В данной научно-исследовательской работе исследовались гидравлические процессы в канале, выполненном из полукруглой стальной трубы. В качестве канала использовалась стальная труба, находившаяся в эксплуатации 30 лет, внутренним диаметром 165 мм и длиной 2 м. Средняя скорость потока жидкости измерялась микрометром ГМЦМ-1. При глубине жидкости 28 мм расход жидкости определялся методом «скорость-площадь». Сравнивались результаты, полученные методом «скорость-площадь» и методом масс.

Keywords: steel pipe, semi-circular channel, velocity distribution, discharge estimation, mass-based method, turbulent flow.

Ключевые слова: стальная труба, полукруглый канал, распределение скорости, оценка расхода, массовый метод, турбулентное течение.

1. Introduction.

The study of hydraulic processes in a semicircular channel is currently of great practical and theoretical importance. Although hydraulic processes in trapezoidal channels have been studied in many cases, processes in semicircular channels have been studied relatively less. In addition, one of the important tasks is to study the channel roughness and hydraulic processes in a steel pipe that has been operated for a certain period of time. There is a need to determine several parameters of hydraulic processes, including the average velocity and velocity distribution in the channel, through experiments. [1, 4, 9].

Determining fluid flow rate is a key objective in experimental and engineering projects. In most cases, flow rate is determined using velocity-area methods, but in laboratory conditions, determining flow rate by mass method helps us to obtain more accurate results.

Accurate measurement of flow discharge is one of the fundamental requirements in both laboratory research and engineering design. Typically, flow discharge is measured either through velocity-based methods or by mass (gravimetric) methods. Velocity-based approaches, such as those using propeller-type current meters, ultrasonic sensors, or electromagnetic devices, rely on point velocity measurements that are integrated across the cross-sectional area. In contrast, mass-based methods directly measure the outflow volume or weight over time and are considered a reference standard[2, 12, 19].
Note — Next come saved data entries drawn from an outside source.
lemma higher_deriv_mult:
  assumes "n_times_differentiable_on 3 I g" "n_times_differentiable_on 3 I h" "t \<in> I"
  shows "deriv (\<lambda>s. g s * h s) t = deriv g t * h t + g t * deriv h t"
    and "deriv (deriv (\<lambda>s. g s * h s)) t
           = deriv (deriv g) t * h t + 2 * deriv g t * deriv h t + g t * deriv (deriv h) t"
    and "deriv (deriv (deriv (\<lambda>s. g s * h s))) t
           = deriv (deriv (deriv g)) t * h t + 3 * deriv (deriv g) t * deriv h t
             + 3 * deriv g t * deriv (deriv h) t + g t * deriv (deriv (deriv h)) t"
proof -
  have d1: "deriv (\<lambda>s. g s * h s) s = deriv g s * h s + g s * deriv h s" if "s \<in> I" for s
    using assms that by (simp add: n_times_differentiable_on_Suc numeral_3_eq_3)
  then show "deriv (\<lambda>s. g s * h s) t = deriv g t * h t + g t * deriv h t"
    using assms(3) .
  have d2: "deriv (deriv (\<lambda>s. g s * h s)) s
      = deriv (deriv g) s * h s + 2 * deriv g s * deriv h s + g s * deriv (deriv h) s"
    if "s \<in> I" for s
    using assms that deriv_cong_open[OF I that d1]
    by (simp add: n_times_differentiable_on_Suc numeral_3_eq_3 field_differentiable_mult)
  then show "deriv (deriv (\<lambda>s. g s * h s)) t
      = deriv (deriv g) t * h t + 2 * deriv g t * deriv h t + g t * deriv (deriv h) t"
    using assms(3) .
  show "deriv (deriv (deriv (\<lambda>s. g s * h s))) t
      = deriv (deriv (deriv g)) t * h t + 3 * deriv (deriv g) t * deriv h t
        + 3 * deriv g t * deriv (deriv h) t + g t * deriv (deriv (deriv h)) t"
    using assms deriv_cong_open[OF I assms(3) d2]
    by (simp add: n_times_differentiable_on_Suc numeral_3_eq_3 field_differentiable_mult
        field_differentiable_add algebra_simps)
qed

lemma higher_deriv_reciprocal:
  assumes "n_times_differentiable_on 2 I g" "\<And>s. s \<in> I \<Longrightarrow> g s \<noteq> 0" "t \<in> I"
  shows "deriv (\<lambda>s. 1 / g s) t = - deriv g t / g t ^ 2"
    and "deriv (deriv (\<lambda>s. 1 / g s)) t
           = - deriv (deriv g) t / g t ^ 2 + 2 * deriv g t ^ 2 / g t ^ 3"
proof -
  have d1: "deriv (\<lambda>s. 1 / g s) s = - deriv g s / g s ^ 2" if "s \<in> I" for s
    using assms that by (simp add: n_times_differentiable_on_Suc numeral_2_eq_2)
  then show "deriv (\<lambda>s. 1 / g s) t = - deriv g t / g t ^ 2"
    using assms(3) .
  have "deriv (deriv (\<lambda>s. 1 / g s)) t = deriv (\<lambda>s. - deriv g s / g s ^ 2) t"
    by (rule deriv_cong_open[OF I assms(3) d1])
  also have "\<dots> = - deriv (deriv g) t / g t ^ 2 + 2 * deriv g t ^ 2 / g t ^ 3"
  proof (rule DERIV_imp_deriv)
    have "(g has_real_derivative deriv g t) (at t)"
      and "(deriv g has_real_derivative deriv (deriv g) t) (at t)"
      using assms by (auto simp: n_times_differentiable_on_Suc numeral_2_eq_2
          DERIV_deriv_iff_field_differentiable)
    then show "((\<lambda>s. - deriv g s / g s ^ 2) has_real_derivative
        - deriv (deriv g) t / g t ^ 2 + 2 * deriv g t ^ 2 / g t ^ 3) (at t)"
      using assms(2,3) by (auto intro!: derivative_eq_intros simp: field_simps power2_eq_square
          power3_eq_cube)
  qed
  finally show "deriv (deriv (\<lambda>s. 1 / g s)) t
      = - deriv (deriv g) t / g t ^ 2 + 2 * deriv g t ^ 2 / g t ^ 3" .
qed

lemma deriv3_quadratic_add_lincomb:
  assumes g: "n_times_differentiable_on 3 I g" and h: "n_times_differentiable_on 3 I h"
    and t: "t \<in> I"
  shows "deriv (deriv (deriv (\<lambda>s. a + b * s + c * s ^ 2 + (d * g s + e * h s)))) t
       = d * deriv (deriv (deriv g)) t + e * deriv (deriv (deriv h)) t"
proof -
  have "deriv (\<lambda>s. a + b * s + c * s ^ 2) = (\<lambda>s. b + 2 * c * s)"
    by (intro ext DERIV_imp_deriv) (auto intro!: derivative_eq_intros)
  moreover have "deriv (\<lambda>s. b + 2 * c * s) = (\<lambda>s. 2 * c)"
    by (intro ext DERIV_imp_deriv) (auto intro!: derivative_eq_intros)
  ultimately have quadratic: "deriv (deriv (deriv (\<lambda>s. a + b * s + c * s ^ 2))) t = 0"
    by simp
  have "n_times_differentiable_on 3 I (\<lambda>s. a + b * s + c * s ^ 2)"
    unfolding power2_eq_square by (intro n_times_differentiable_on_intros)
  moreover have dg: "n_times_differentiable_on 3 I (\<lambda>s. d * g s)"
    and eh: "n_times_differentiable_on 3 I (\<lambda>s. e * h s)"
    by (intro n_times_differentiable_on_intros g h)+
  moreover have "n_times_differentiable_on 3 I (\<lambda>s. d * g s + e * h s)"
    by (intro n_times_differentiable_on_intros dg eh)
  ultimately show ?thesis
    using higher_deriv_mult(3)[OF n_times_differentiable_on_const[of 3 I d] g t]
      higher_deriv_mult(3)[OF n_times_differentiable_on_const[of 3 I e] h t]
    by (simp add: deriv3_add[OF _ _ t] quadratic)
qed

lemma deriv3_conformal_correction:
  assumes q: "n_times_differentiable_on 4 I q" and q': "\<And>t. t \<in> I \<Longrightarrow> deriv q t \<noteq> 0"
    and u: "u \<in> I"
  shows "deriv (deriv (deriv
           (\<lambda>t. s1 / 2 * (1 - q t ^ 2 / deriv q t) + s2 / 2 * (t + q t / deriv q t)))) u
       + q u * deriv (deriv (deriv
           (\<lambda>t. s1 / 2 * (t + q t / deriv q t) + s2 / 2 * (t ^ 2 - 1 / deriv q t)))) u
     = (2 * s1 * q u * deriv q u * deriv (deriv (deriv q)) u
        - 3 * s1 * deriv (deriv q) u ^ 2 * q u
        - 2 * s2 * deriv q u * deriv (deriv (deriv q)) u
        + 3 * s2 * deriv (deriv q) u ^ 2) / (2 * deriv q u ^ 2)"
proof -
  define P where "P = (\<lambda>t. 1 / deriv q t)"
  have q3: "n_times_differentiable_on 3 I q"
    using q n_times_differentiable_on_mono by simp
  have dq3: "n_times_differentiable_on 3 I (deriv q)"
    using q by (simp add: numeral_eq_Suc n_times_differentiable_on_Suc)
  have P3: "n_times_differentiable_on 3 I P"
    unfolding P_def by (intro n_times_differentiable_on_intros dq3 q')
  have qq3: "n_times_differentiable_on 3 I (\<lambda>t. q t * q t)"
    by (intro n_times_differentiable_on_mult q3)
  have qP3: "n_times_differentiable_on 3 I (\<lambda>t. q t * P t)"
    and qqP3: "n_times_differentiable_on 3 I (\<lambda>t. q t * q t * P t)"
    by (intro n_times_differentiable_on_mult q3 P3)+
  have G1: "(\<lambda>t. s1 / 2 * (1 - q t ^ 2 / deriv q t) + s2 / 2 * (t + q t / deriv q t))
      = (\<lambda>t. s1 / 2 + s2 / 2 * t + 0 * t ^ 2 + (- s1 / 2 * (q t * q t * P t) + s2 / 2 * (q t * P t)))"
    by (simp add: fun_eq_iff P_def power2_eq_square algebra_simps)
  have G2: "(\<lambda>t. s1 / 2 * (t + q t / deriv q t) + s2 / 2 * (t ^ 2 - 1 / deriv q t))
      = (\<lambda>t. 0 + s1 / 2 * t + s2 / 2 * t ^ 2 + (s1 / 2 * (q t * P t) + - s2 / 2 * P t))"
    by (simp add: fun_eq_iff P_def power2_eq_square algebra_simps)
  have P_derivs: "P u = 1 / deriv q u"
    "deriv P u = - deriv (deriv q) u / deriv q u ^ 2"
    "deriv (deriv P) u
       = - deriv (deriv (deriv q)) u / deriv q u ^ 2 + 2 * deriv (deriv q) u ^ 2 / deriv q u ^ 3"
    unfolding P_def using higher_deriv_reciprocal[OF n_times_differentiable_on_mono[OF dq3] q' u]
    by simp_all
  show ?thesis
    unfolding G1 G2 deriv3_quadratic_add_lincomb[OF qqP3 qP3 u] deriv3_quadratic_add_lincomb[OF qP3 P3 u]
      higher_deriv_mult(3)[OF qq3 P3 u] higher_deriv_mult(3)[OF q3 P3 u] higher_deriv_mult[OF q3 q3 u]
      P_derivs
    using q'[OF u] by (simp add: field_simps power2_eq_square power3_eq_cube)
qed

end

section \<open>Partial derivatives under the conformal change\<close>

lemma open_slices:
  assumes "open U"
  shows "open {t. (t, b, c) \<in> U}" "open {t. (a, t, c) \<in> U}" "open {t. (a, b, t) \<in> U}"
proof -
  have "open ((\<lambda>t. (t, b, c)) -` U)" "open ((\<lambda>t. (a, t, c)) -` U)" "open ((\<lambda>t. (a, b, t)) -` U)"
    by (intro open_vimage[OF assms] continuous_intros)+
  then show "open {t. (t, b, c) \<in> U}" "open {t. (a, t, c) \<in> U}" "open {t. (a, b, t) \<in> U}"
    by (simp_all add: vimage_def)
qed

lemma smooth3_D:
  assumes "smooth3 U g"
  shows "smooth3 U (D1 g)" "smooth3 U (D2 g)" "smooth3 U (Du g)"
    and "(a, b, c) \<in> U \<Longrightarrow> (\<lambda>t. g (t, b, c)) differentiable (at a)"
    and "(a, b, c) \<in> U \<Longrightarrow> (\<lambda>t. g (a, t, c)) differentiable (at b)"
    and "(a, b, c) \<in> U \<Longrightarrow> (\<lambda>t. g (a, b, t)) differentiable (at c)"
  using assms by (auto elim: smooth3.cases)

lemma Du_eq_deriv_slice: "Du g (a, b, c) = deriv (\<lambda>t. g (a, b, t)) c"
  by (simp add: Du_def)

lemma smooth3_imp_n_times_differentiable_on_slice:
  "smooth3 U g \<Longrightarrow> n_times_differentiable_on n {t. (a, b, t) \<in> U} (\<lambda>t. g (a, b, t))"
proof (induction n arbitrary: g)
  case (Suc n)
  have "deriv (\<lambda>t. g (a, b, t)) = (\<lambda>t. Du g (a, b, t))"
    by (simp add: Du_eq_deriv_slice)
  then show ?case
    using Suc smooth3_D[OF Suc.prems]
    by (fastforce simp: n_times_differentiable_on_Suc field_differentiable_def
        DERIV_deriv_iff_real_differentiable[symmetric])
qed simp

lemma Du_cong:
  "open U \<Longrightarrow> (a, b, c) \<in> U \<Longrightarrow> (\<And>p. p \<in> U \<Longrightarrow> g p = h p) \<Longrightarrow> Du g (a, b, c) = Du h (a, b, c)"
  unfolding Du_def by (simp, rule deriv_cong_open[OF open_slices(3)]) auto

lemma D1_cong:
  "open U \<Longrightarrow> (a, b, c) \<in> U \<Longrightarrow> (\<And>p. p \<in> U \<Longrightarrow> g p = h p) \<Longrightarrow> D1 g (a, b, c) = D1 h (a, b, c)"
  unfolding D1_def by (simp, rule deriv_cong_open[OF open_slices(1)]) auto

lemma D2_cong:
  "open U \<Longrightarrow> (a, b, c) \<in> U \<Longrightarrow> (\<And>p. p \<in> U \<Longrightarrow> g p = h p) \<Longrightarrow> D2 g (a, b, c) = D2 h (a, b, c)"
  unfolding D2_def by (simp, rule deriv_cong_open[OF open_slices(2)]) auto

lemma Du_conf:
  "(\<lambda>t. g (a, b, t)) differentiable (at c) \<Longrightarrow>
     Du (conf \<sigma> g) (a, b, c) = exp (\<sigma> (a, b)) * Du g (a, b, c)"
  unfolding Du_def conf_def
  by (simp, rule DERIV_imp_deriv)
     (auto intro!: derivative_eq_intros simp: DERIV_deriv_iff_real_differentiable[symmetric])

lemma D1_conf:
  "(\<lambda>t. g (t, b, c)) differentiable (at a) \<Longrightarrow> (\<lambda>t. \<sigma> (t, b)) differentiable (at a) \<Longrightarrow>
     D1 (conf \<sigma> g) (a, b, c) = exp (\<sigma> (a, b)) * (sig1 \<sigma> (a, b) * g (a, b, c) + D1 g (a, b, c))"
  unfolding D1_def conf_def sig1_def
  by (simp, rule DERIV_imp_deriv)
     (auto intro!: derivative_eq_intros
       simp: DERIV_deriv_iff_real_differentiable[symmetric] algebra_simps)

lemma D2_conf:
  "(\<lambda>t. g (a, t, c)) differentiable (at b) \<Longrightarrow> (\<lambda>t. \<sigma> (a, t)) differentiable (at b) \<Longrightarrow>
     D2 (conf \<sigma> g) (a, b, c) = exp (\<sigma> (a, b)) * (sig2 \<sigma> (a, b) * g (a, b, c) + D2 g (a, b, c))"
  unfolding D2_def conf_def sig2_def
  by (simp, rule DERIV_imp_deriv)
     (auto intro!: derivative_eq_intros
       simp: DERIV_deriv_iff_real_differentiable[symmetric] algebra_simps)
However, sometimes differences between the above methods may occur due to changes in the velocity profile, turbulent motion, and measurement accuracy of the devices. Therefore, conducting experimental studies to determine the reliability of the velocity-surface method in such channels is an important task [1-5, 16-19].

The present study investigates the discharge characteristics of water flow through a semi-circular steel pipe channel under laboratory conditions. Using the  micro-propeller device, velocities were measured at three cross-sections along the channel. From these velocity measurements, discharges were calculated and compared with mass-based discharge measurements. The comparison provides insight into the accuracy of velocity-based methods in turbulent flow conditions[3, 6, 7].

2. Materials and methods.

Experimental studies were conducted in the laboratory of the National Research University "Tashkent Institute of Irrigation and Agricultural Mechanization Engineers". A semicircular steel pipe with a length of 2 m and an internal diameter of 165 mm was selected as the research object. This pipe was used as a channel. 3 sections were separated in the channel. The average velocity of the liquid along the verticals in each section was measured using a microrotor, ensuring smooth movement. The liquid consumption was determined by the velocity-area and mass methods. In this case, the liquid depth was 28 mm.The experimental setup consisted of a semi-circular steel pipe channel with a total length of 2.0 m and an internal diameter (channel width) of 165 mm. The flow depth was maintained at 28 mm.

3. Results and discussion

The fluid consumption determined by the mass method was determined by the following expression

When the fluid depth was 28 mm, the Reynolds number was approximately 18,500.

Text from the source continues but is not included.